Dam in Central Kootenay, British Columbia, Canada

Brilliant Dam is a hydroelectric dam on the Kootenay River near Castlegar, British Columbia, Canada. It was built during the Second World War, mostly by Doukhobor men exempt from military service, and its 129 MW twin turbines first came into operation in June, 1944. The Columbia Power Corporation purchased the dam from Teck Cominco in 1996.

== History ==
Brilliant Dam is 42.6 metres high, with a net hydraulic head of 28 metres, and eight sluice gates.
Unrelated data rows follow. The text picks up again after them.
lemma cfun_index_second_half: "l \<le> i \<Longrightarrow> i < 2 * l \<Longrightarrow> cfun l i - 1 = 2 * l - i - 1"
  by (auto simp: cfun_def)

lemma cfun_index_le: "i < 2 * l \<Longrightarrow> cfun l i - 1 \<le> i"
  by (auto simp: cfun_def)

lemma cfun_index_reflect: "i < 2 * l \<Longrightarrow> cfun l (2 * l - Suc i) = cfun l i"
  by (auto simp: cfun_def)

lemma Hadj_other_index:
  assumes "Hadj b l i j j'" "k < l" "k \<noteq> cfun l i - 1"
  shows "j' ! k = j ! k" "(Suc i \<le> k) = (i \<le> k)" "(k + Suc i < 2 * l) = (k + i < 2 * l)"
proof -
  have i: "i < 2 * l"
    using assms(1) by (simp add: Hadj_def)
  show "j' ! k = j ! k"
    using assms by (simp add: Hadj_def)
  show "(Suc i \<le> k) = (i \<le> k)" "(k + Suc i < 2 * l) = (k + i < 2 * l)"
    using assms(2,3) i cfun_index_first_half[of i l] cfun_index_second_half[of l i]
    by (cases "i < l"; auto)+
qed

lemma Hadj_list_update:
  assumes "Hadj b l i j j'"
  shows "j' = j[cfun l i - 1 := j' ! (cfun l i - 1)]" and "j = j'[cfun l i - 1 := j ! (cfun l i - 1)]"
proof -
  have c: "cfun l i - 1 < l"
    using assms cfun_index_less by (simp add: Hadj_def)
  show "j' = j[cfun l i - 1 := j' ! (cfun l i - 1)]" "j = j'[cfun l i - 1 := j ! (cfun l i - 1)]"
    by (rule nth_equalityI; use assms c in \<open>auto simp: Hadj_def validj_def nth_list_update\<close>)+
qed

lemma Hweight_le:
  assumes "Hadj b l i j j'"
  shows "Hweight b l i j j' \<le> Aconst b l + (2 ^ b)\<^sup>2"
proof -
  have c: "cfun l i - 1 < l"
    using assms cfun_index_less by (simp add: Hadj_def)
  have "int (Hweight b l i j j') \<le> int (Aconst b l + (2 ^ b)\<^sup>2)"
    using Hweight_int[of b l i j j'] assms validj_nth_less[OF _ c] sq_diff_le_sq_bound
    by (simp add: Hadj_def)
  then show ?thesis
    by (simp only: of_nat_le_iff)
qed

definition coord_cost :: "nat \<Rightarrow> nat \<Rightarrow> nat \<Rightarrow> int \<Rightarrow> int" where
  "coord_cost l i k d = (if k + i < 2 * l then d\<^sup>2 else half_sq d)"

lemma coord_cost_nonneg: "0 \<le> coord_cost l i k d"
  by (simp add: coord_cost_def half_sq_nonneg)

lemma coord_cost_le_sq: "coord_cost l i k d \<le> d\<^sup>2"
  by (simp add: coord_cost_def half_sq_le_sq)

definition agrees_from :: "nat \<Rightarrow> nat \<Rightarrow> nat list \<Rightarrow> nat list \<Rightarrow> bool" where
  "agrees_from l i a y \<longleftrightarrow> (\<forall>k<l. i \<le> k \<longrightarrow> y ! k = a ! k)"

text \<open>A lower bound for the distance from v_{0,a} to v_{i,y}. If y agrees with a from index i on,
  coordinate k has moved at most once when k + i < 2l and at most twice otherwise, at a cost of at
  least the square, resp. half_sq (half_sq_le_two_steps), of its displacement. Otherwise the walk has
  detoured over at least two extra layers; the slack 4b + 4 is what the second bound of pot_edge needs.\<close>

definition pot :: "nat \<Rightarrow> nat \<Rightarrow> nat list \<Rightarrow> nat \<Rightarrow> nat list \<Rightarrow> int" where
  "pot b l a i y = (if agrees_from l i a y
      then int i * int (Aconst b l) + (\<Sum>k<l. coord_cost l i k (int (y ! k) - int (a ! k)))
      else (int i + 2) * int (Aconst b l) - (4 * int b + 4))"

lemma coord_cost_sum_bounds:
  assumes "validj b l a" "validj b l y"
  shows "0 \<le> (\<Sum>k<l. coord_cost l i k (int (y ! k) - int (a ! k)))"
    and "(\<Sum>k<l. coord_cost l i k (int (y ! k) - int (a ! k))) \<le> int l * (2 ^ b)\<^sup>2"
proof -
  show "0 \<le> (\<Sum>k<l. coord_cost l i k (int (y ! k) - int (a ! k)))"
    by (intro sum_nonneg) (simp add: coord_cost_nonneg)
  have "coord_cost l i k (int (y ! k) - int (a ! k)) \<le> (2 ^ b)\<^sup>2" if "k < l" for k
    using coord_cost_le_sq sq_diff_le_sq_bound validj_nth_less[OF assms(1) that]
      validj_nth_less[OF assms(2) that] order_trans by blast
  then have "(\<Sum>k<l. coord_cost l i k (int (y ! k) - int (a ! k))) \<le> (\<Sum>k<l. (2 ^ b)\<^sup>2)"
    by (intro sum_mono) simp
  then show "(\<Sum>k<l. coord_cost l i k (int (y ! k) - int (a ! k))) \<le> int l * (2 ^ b)\<^sup>2"
    by simp
qed

lemma pot_ge:
  assumes "validj b l a" "validj b l y" "1 \<le> b"
  shows "int i * int (Aconst b l) \<le> pot b l a i y"
proof (cases "agrees_from l i a y")
  case True
  then show ?thesis
    using coord_cost_sum_bounds(1)[OF assms(1,2)] by (simp add: pot_def)
next
  case False
  then have "1 \<le> l"
    by (auto simp: agrees_from_def)
  then have "4 * int b + 4 \<le> 2 * int (Aconst b l)"
    using slack_le_sq[OF assms(3)] three_sq_le_Aconst[of l b] by simp
  then show ?thesis
    using False by (simp add: pot_def algebra_simps)
qed

lemma pot_step:
  assumes H: "Hadj b l i j j'" and agr: "agrees_from l i a j"
  defines "c \<equiv> cfun l i - 1"
  shows "agrees_from l (Suc i) a j'"
    and "pot b l a (Suc i) j' = pot b l a i j + int (Aconst b l)
       + coord_cost l (Suc i) c (int (j' ! c) - int (a ! c))
       - coord_cost l i c (int (j ! c) - int (a ! c))"
proof -
  have c: "c < l"
    using H cfun_index_less by (simp add: Hadj_def c_def)
  have "k \<noteq> c" if "Suc i \<le> k" for k
    using that H cfun_index_le[of i l] by (auto simp: Hadj_def c_def)
  then show agr': "agrees_from l (Suc i) a j'"
    using agr Hadj_other_index(1)[OF H] c_def by (auto simp: agrees_from_def)
  have "(\<Sum>k<l. coord_cost l (Suc i) k (int (j' ! k) - int (a ! k)))
      = (\<Sum>k<l. coord_cost l i k (int (j ! k) - int (a ! k)))
        - coord_cost l i c (int (j ! c) - int (a ! c))
        + coord_cost l (Suc i) c (int (j' ! c) - int (a ! c))"
    using c Hadj_other_index[OF H] c_def
    by (intro sum_lessThan_change_one) (auto simp: coord_cost_def)
  then show "pot b l a (Suc i) j' = pot b l a i j + int (Aconst b l)
       + coord_cost l (Suc i) c (int (j' ! c) - int (a ! c))
       - coord_cost l i c (int (j ! c) - int (a ! c))"
    using agr agr' by (simp add: pot_def algebra_simps)
qed

lemma pot_edge_agreeing:
  assumes H: "Hadj b l i j j'" and agr: "agrees_from l i a j" and a: "validj b l a" and b: "1 \<le> b"
  shows "pot b l a (Suc i) j' - pot b l a i j \<le> int (Hweight b l i j j')"
    and "pot b l a i j - pot b l a (Suc i) j' \<le> int (Hweight b l i j j') - (4 * int b + 4)"
proof -
  define c where "c = cfun l i - 1"
  define A where "A = int (Aconst b l)"
  define S where "S = ((2::int) ^ b)\<^sup>2"
  define w where "w = int (Hweight b l i j j')"
  have i: "i < 2 * l" and j: "validj b l j"
    using H by (auto simp: Hadj_def)
  have c: "c < l"
    using cfun_index_less[OF i] by (simp add: c_def)
  have A3S: "3 * S \<le> A" and KS: "4 * int b + 4 \<le> 2 * S" and S0: "0 \<le> S"
    using three_sq_le_Aconst[of l b] slack_le_sq[OF b] i by (simp_all add: A_def S_def)
  have w: "w = A + (int (j ! c) - int (j' ! c))\<^sup>2"
    using Hweight_int by (simp add: w_def A_def c_def)
  then have wA: "A \<le> w"
    by simp
  note step = pot_step(2)[OF H agr, folded c_def A_def]
  have "pot b l a (Suc i) j' - pot b l a i j \<le> w \<and> pot b l a i j - pot b l a (Suc i) j' \<le> w - (4 * int b + 4)"
  proof (cases "i < l")
    case True
    then have "c = i"
      using cfun_index_first_half by (simp add: c_def)
    then have "j ! c = a ! c"
      using agr c by (simp add: agrees_from_def)
    then have "pot b l a (Suc i) j' - pot b l a i j = w"
      using step w \<open>c = i\<close> True by (simp add: coord_cost_def half_sq_def power2_commute)
    then show ?thesis
      using wA A3S KS S0 by linarith
  next
    case False
    then have "c = 2 * l - i - 1"
      using cfun_index_second_half i by (simp add: c_def)
    then have "pot b l a (Suc i) j' - pot b l a i j
        = A + half_sq (int (j' ! c) - int (a ! c)) - (int (j ! c) - int (a ! c))\<^sup>2"
      using step False i by (simp add: coord_cost_def)
    moreover have "half_sq (int (j' ! c) - int (a ! c))
        \<le> (int (j ! c) - int (a ! c))\<^sup>2 + (int (j ! c) - int (j' ! c))\<^sup>2"
      using half_sq_le_two_steps power2_commute by metis
    moreover have "(int (j ! c) - int (a ! c))\<^sup>2 \<le> S"
      using sq_diff_le_sq_bound validj_nth_less c j a by (simp add: S_def)
    ultimately show ?thesis
      using w wA A3S KS S0 half_sq_nonneg[of "int (j' ! c) - int (a ! c)"] by linarith
  qed
  then show "pot b l a (Suc i) j' - pot b l a i j \<le> int (Hweight b l i j j')"
    and "pot b l a i j - pot b l a (Suc i) j' \<le> int (Hweight b l i j j') - (4 * int b + 4)"
    by (simp_all add: w_def)
qed

lemma pot_edge_disagreeing:
  assumes H: "Hadj b l i j j'" and disagr: "\<not> agrees_from l i a j" and a: "validj b l a" and b: "1 \<le> b"
  shows "pot b l a (Suc i) j' - pot b l a i j \<le> int (Hweight b l i j j')"
    and "pot b l a i j - pot b l a (Suc i) j' \<le> int (Hweight b l i j j') - (4 * int b + 4)"
proof -
  define A where "A = int (Aconst b l)"
  define S where "S = ((2::int) ^ b)\<^sup>2"
  have i: "i < 2 * l" and j': "validj b l j'"
    using H by (auto simp: Hadj_def)
  have A3S: "3 * S \<le> A" and KS: "4 * int b + 4 \<le> 2 * S" and S0: "0 \<le> S" and lSA: "int l * S \<le> A"
    using three_sq_le_Aconst[of l b] slack_le_sq[OF b] l_sq_le_Aconst i by (simp_all add: A_def S_def)
  have wA: "A \<le> int (Hweight b l i j j')"
    using Aconst_le_Hweight by (simp add: A_def)
  have "i < l"
    using disagr by (auto simp: agrees_from_def)
  then have off: "pot b l a i j = (int i + 2) * A - (4 * int b + 4)"
    using disagr by (simp add: pot_def A_def)
  have "pot b l a (Suc i) j' - pot b l a i j \<le> int (Hweight b l i j j')
      \<and> pot b l a i j - pot b l a (Suc i) j' \<le> int (Hweight b l i j j') - (4 * int b + 4)"
  proof (cases "agrees_from l (Suc i) a j'")
    case True
    then have "pot b l a (Suc i) j' = (int i + 1) * A + (\<Sum>k<l. coord_cost l (Suc i) k (int (j' ! k) - int (a ! k)))"
      by (simp add: pot_def A_def algebra_simps)
    then show ?thesis
      using off coord_cost_sum_bounds[OF a j', of "Suc i"] wA lSA A3S KS S0
      by (simp add: S_def algebra_simps)
  next
    case False
    then have "pot b l a (Suc i) j' = (int i + 3) * A - (4 * int b + 4)"
      by (simp add: pot_def A_def)
    then show ?thesis
      using off wA A3S KS S0 by (simp add: algebra_simps)
  qed
  then show "pot b l a (Suc i) j' - pot b l a i j \<le> int (Hweight b l i j j')"
    and "pot b l a i j - pot b l a (Suc i) j' \<le> int (Hweight b l i j j') - (4 * int b + 4)"
    by simp_all
qed

text \<open>The asymmetric bound is what ext_pot_lipschitz needs: the extended potential rises by 2b + 2 along
  the tree edges of a gadget, leaving the w - 2b - 2 path edges for the change of pot in either direction.\<close>

lemma pot_edge:
  assumes "Hadj b l i j j'" "validj b l a" "1 \<le> b"
  shows "pot b l a (Suc i) j' - pot b l a i j \<le> int (Hweight b l i j j')"
    and "pot b l a i j - pot b l a (Suc i) j' \<le> int (Hweight b l i j j') - (4 * int b + 4)"
  using pot_edge_agreeing[OF assms(1) _ assms(2,3)] pot_edge_disagreeing[OF assms(1) _ assms(2,3)]
  by blast+

definition route_len :: "nat \<Rightarrow> nat \<Rightarrow> nat list \<Rightarrow> nat list \<Rightarrow> int" where
  "route_len b l a a' = int (2 * l) * int (Aconst b l) + (\<Sum>k<l. half_sq (int (a' ! k) - int (a ! k)))"

definition on_route :: "nat \<Rightarrow> nat list \<Rightarrow> nat list \<Rightarrow> nat \<Rightarrow> nat list \<Rightarrow> bool" where
  "on_route l a a' i y \<longleftrightarrow> (\<forall>k<l. (k < i \<and> k + i < 2 * l \<longrightarrow> 2 * y ! k = a ! k + a' ! k)
      \<and> (i \<le> k \<longrightarrow> y ! k = a ! k) \<and> (2 * l \<le> k + i \<longrightarrow> y ! k = a' ! k))"

lemma route_len_le:
  assumes "validj b l a" "validj b l a'"
  shows "route_len b l a a' \<le> int (2 * l) * int (Aconst b l) + int l * (2 ^ b)\<^sup>2"
proof -
  have "half_sq (int (a' ! k) - int (a ! k)) \<le> (2 ^ b)\<^sup>2" if "k < l" for k
    using half_sq_le_sq sq_diff_le_sq_bound validj_nth_less[OF assms(1) that]
      validj_nth_less[OF assms(2) that] order_trans by blast
  then have "(\<Sum>k<l. half_sq (int (a' ! k) - int (a ! k))) \<le> (\<Sum>k<l. (2 ^ b)\<^sup>2)"
    by (intro sum_mono) simp
  then show ?thesis
    by (simp add: route_len_def)
qed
In 2000, work began to increase flow and upgrade the generating units. Upon completion, its four turbines will generate a combined 145 MW of electricity.

In 2003, the Columbia Power Corporation began the Brilliant expansion project. The project includes the construction of an additional powerhouse on the left bank, housing a 120 MW Kaplan turbine which uses excess water beyond the capacity of the original powerhouse. Completed in 2007, it increased the combined generation of the dam to 265 MW.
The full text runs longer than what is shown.